Open MPI logo

Open MPI User's Mailing List Archives

  |   Home   |   Support   |   FAQ   |   all Open MPI User's mailing list

Subject: [OMPI users] Strange behaviour of SGE+OpenMPI
From: PN (poknam_at_[hidden])
Date: 2009-03-31 11:43:25

Dear all,

I'm using Open MPI 1.3.1 and SGE 6.2u2 on CentOS 5.2
I have 2 compute nodes for testing, each node has a single quad core CPU.

Here is my submission script and PE config:
$ cat hpl-8cpu.sge
#$ -N HPL_8cpu_IB
#$ -pe mpi-fu 8
#$ -cwd
#$ -j y
#$ -S /bin/bash
#$ -V
cd /home/admin/hpl-2.0
# For IB
/opt/openmpi-gcc/bin/mpirun -v -np $NSLOTS -machinefile $TMPDIR/machines

I've tested the mpirun command can be run correctly in command line.

$ qconf -sp mpi-fu
pe_name mpi-fu
slots 8
user_lists NONE
xuser_lists NONE
start_proc_args /opt/sge/mpi/ -catch_rsh $pe_hostfile
stop_proc_args /opt/sge/mpi/
allocation_rule $fill_up
control_slaves TRUE
job_is_first_task FALSE
urgency_slots min
accounting_summary TRUE

I've checked the $TMPDIR/machines after submit, it was correct.

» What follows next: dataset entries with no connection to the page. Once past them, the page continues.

(* Let $\frac12<\beta<\frac54$ and $\alpha+\beta=\frac54$. Then for any $r>0$ there exists a constant $C>0$ such that for all $v\in V^{2\beta}\cap V^{r+\beta}$, \[ |\langle B(\Lambda^{-2\alpha}v,v),\Lambda^{2r}v\rangle|\le C\|v\|_{V^{2\beta}}\|v\|_{V^{r+\beta}}\|v\|_{V^r}. \]
   Context: On the torus $\mathbb T=[0,2\pi]^3$, for $s\in\mathbb R$, $V^s$ is the space of real periodic vector fields $w=\sum_{k\in\mathbb Z^3\setminus\{0\}}w_ke^{ik\cdot x}$, $w_k\in\mathbb C^3$, $w_{-k}=\overline{w_k}$, $w_k\cdot k=0$ (divergence free, zero mean), with $\|w\|_{V^s}^2=\sum_k|w_k|^2|k|^{2s}<\infty$. $\Lambda^s$ is the Fourier multiplier by $|k|^s$. $B(u,v)=\Pi((u\cdot\nabla)v)$ with $\Pi$ the Leray projection, and $\langle B(u,v),w\rangle=\int_{\mathbb T}((u\cdot\nabla)v)\cdot w\,dx$ (for $w$ divergence free) denotes the $L^2$ pairing. *)

theory Defs
  imports "HOL-Analysis.Analysis"
begin

text \<open>Periodic vector fields on the torus [0,2pi]^3 are represented by their Fourier
coefficients: a field w is the function k \<mapsto> w_k from the lattice Z^3 (type int^3)
to C^3 (type complex^3), standing for the series sum_k w_k e^{i k.x}.\<close>

type_synonym lattice = "int ^ 3"
type_synonym coef = "complex ^ 3"
type_synonym field = "lattice \<Rightarrow> coef"

definition knorm :: "lattice \<Rightarrow> real" where
  "knorm k = sqrt (\<Sum>i\<in>UNIV. (real_of_int (k $ i))^2)"

definition cdot :: "coef \<Rightarrow> coef \<Rightarrow> complex" where
  "cdot a b = (\<Sum>i\<in>UNIV. a $ i * b $ i)"

definition kdot :: "coef \<Rightarrow> lattice \<Rightarrow> complex" where
  "kdot a k = (\<Sum>i\<in>UNIV. a $ i * of_int (k $ i))"

text \<open>Real, zero-mean, divergence-free fields: w_0 = 0, w_{-k} = conj w_k, w_k . k = 0.\<close>
definition is_field :: "field \<Rightarrow> bool" where
  "is_field w \<longleftrightarrow> w 0 = 0 \<and> (\<forall>k. w (- k) = (\<chi> i. cnj (w k $ i))) \<and> (\<forall>k. kdot (w k) k = 0)"

definition Vweight :: "real \<Rightarrow> field \<Rightarrow> lattice \<Rightarrow> real" where
  "Vweight s w k = (norm (w k))^2 * (knorm k powr (2 * s))"

definition inV :: "real \<Rightarrow> field \<Rightarrow> bool" where
  "inV s w \<longleftrightarrow> is_field w \<and> (Vweight s w) summable_on (UNIV - {0})"

definition Vnorm :: "real \<Rightarrow> field \<Rightarrow> real" where
  "Vnorm s w = sqrt (\<Sum>\<^sub>\<infinity>k\<in>UNIV - {0}. Vweight s w k)"

definition Lam :: "real \<Rightarrow> field \<Rightarrow> field" where
  "Lam s w = (\<lambda>k. if k = 0 then 0 else (knorm k powr s) *\<^sub>R w k)"

text \<open>The L^2 pairing <B(u,v),w> = int_T ((u.nabla) v) . w dx, written in Fourier variables
(Parseval): (u.nabla)v = sum_{j,l} i (u_j . l) v_l e^{i(j+l)x}, and integrating against
w = sum_m w_m e^{imx} over T yields (2 pi)^3 times the sum over j + l + m = 0.\<close>
definition Bpair :: "field \<Rightarrow> field \<Rightarrow> field \<Rightarrow> complex" where
  "Bpair u v w = (2 * of_real pi) ^ 3 *
     (\<Sum>\<^sub>\<infinity>(j, l)\<in>UNIV. \<i> * kdot (u j) l * cdot (v l) (w (- (j + l))))"

end

theory Submission
  imports Defs
begin

text \<open>Write m = -(j + l) for the third frequency of a triad j + l + m = 0. Since u_j . j = 0 for the
divergence-free field u = Lambda^{-2 alpha} v, the substitution l \<mapsto> m reverses the sign of u_j . l, so
twice the pairing is the sum of i (u_j . l) (v_l . v_m) (|m|^{2r} - |l|^{2r}): only the commutator of
Lambda^{2r} with the transport enters. With x = |j|, y = |l|, z = |m|, which satisfy the triangle
inequalities, the kernel x^{2 beta - 5/2} y \<bar>z^{2r} - y^{2r}\<bar> is bounded in the three regimes
x \<le> y/2 (mean value theorem), z \<le> y/2, and x, z > y/2 by products of the form
|j|^{beta - 3/2} |l|^{r + beta} |m|^r up to a permutation of the triad. Each resulting triple sum is
controlled by Young's inequality l^1 * l^2 * l^2, and the l^1 factor by Cauchy-Schwarz:
sum_k |k|^{beta - 3/2} |v_k| \<le> (sum_k |k|^{-3 - 2 beta})^{1/2} |v|_{V^{2 beta}}, a convergent lattice sum.\<close>

section \<open>Elementary real inequalities\<close>

lemma le_sqrt_mult_sqrt_if_le_weighted_mean:
  fixes X A B :: real
  assumes "A \<ge> 0" and "B \<ge> 0" and mean: "\<And>t. t > 0 \<Longrightarrow> 2 * X \<le> t * A + B / t"
  shows "X \<le> sqrt A * sqrt B"
proof (cases "A > 0 \<and> B > 0")
  case True
  define a b where "a = sqrt A" and "b = sqrt B"
  have "a > 0" "b > 0" "A = a\<^sup>2" "B = b\<^sup>2" using True by (simp_all add: a_def b_def)
  have "2 * X \<le> b / a * A + B / (b / a)" using \<open>a > 0\<close> \<open>b > 0\<close> by (intro mean) simp
  also have "\<dots> = 2 * (a * b)"
    using \<open>a > 0\<close> \<open>b > 0\<close> by (simp add: \<open>A = a\<^sup>2\<close> \<open>B = b\<^sup>2\<close> power2_eq_square)
  finally show ?thesis by (simp add: a_def b_def)
next
  case False
  then have "A = 0 \<or> B = 0" using assms by linarith
  show ?thesis
  proof (rule ccontr)
    assume "\<not> ?thesis"
    then have X: "X > 0" using \<open>A = 0 \<or> B = 0\<close> by auto
    show False
    proof (cases "A = 0")
      case True
      define t where "t = (B + 1) / X"
      have "2 * X \<le> B / t" using mean[of t] True X \<open>B \<ge> 0\<close> by (simp add: t_def)
      moreover have "B / t < X" using X \<open>B \<ge> 0\<close> by (simp add: t_def field_simps)
      ultimately show False using X by linarith
    next
      case False
      with \<open>A = 0 \<or> B = 0\<close> have "B = 0" by simp
      have "2 * X \<le> X / (A + 1) * A" using mean[of "X / (A + 1)"] \<open>B = 0\<close> X \<open>A \<ge> 0\<close> by simp
      moreover have "X / (A + 1) * A < X" using X \<open>A \<ge> 0\<close> by (simp add: field_simps)
      ultimately show False using X by linarith
    qed
  qed
qed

However, I found that if I explicitly specify the "-machinefile
$TMPDIR/machines", all 8 mpi processes were spawned within a single node,
i.e. node0002.

However, if I omit "-machinefile $TMPDIR/machines" in the line mpirun, i.e.
/opt/openmpi-gcc/bin/mpirun -v -np $NSLOTS ./bin/goto-openmpi-gcc/xhpl

The mpi processes can start correctly, 4 processes in node0001 and 4
processes in node0002.

Is this normal behaviour of Open MPI?

Also, I wondered if I have IB interface, for example, the hostname of IB
become node0001-clust and node0002-clust, will Open MPI automatically use
the IB interface?

How about if I have 2 IB ports in each node, which IB bonding was done, will
Open MPI automatically benefit from the double bandwidth?

Thanks a lot.

Best Regards,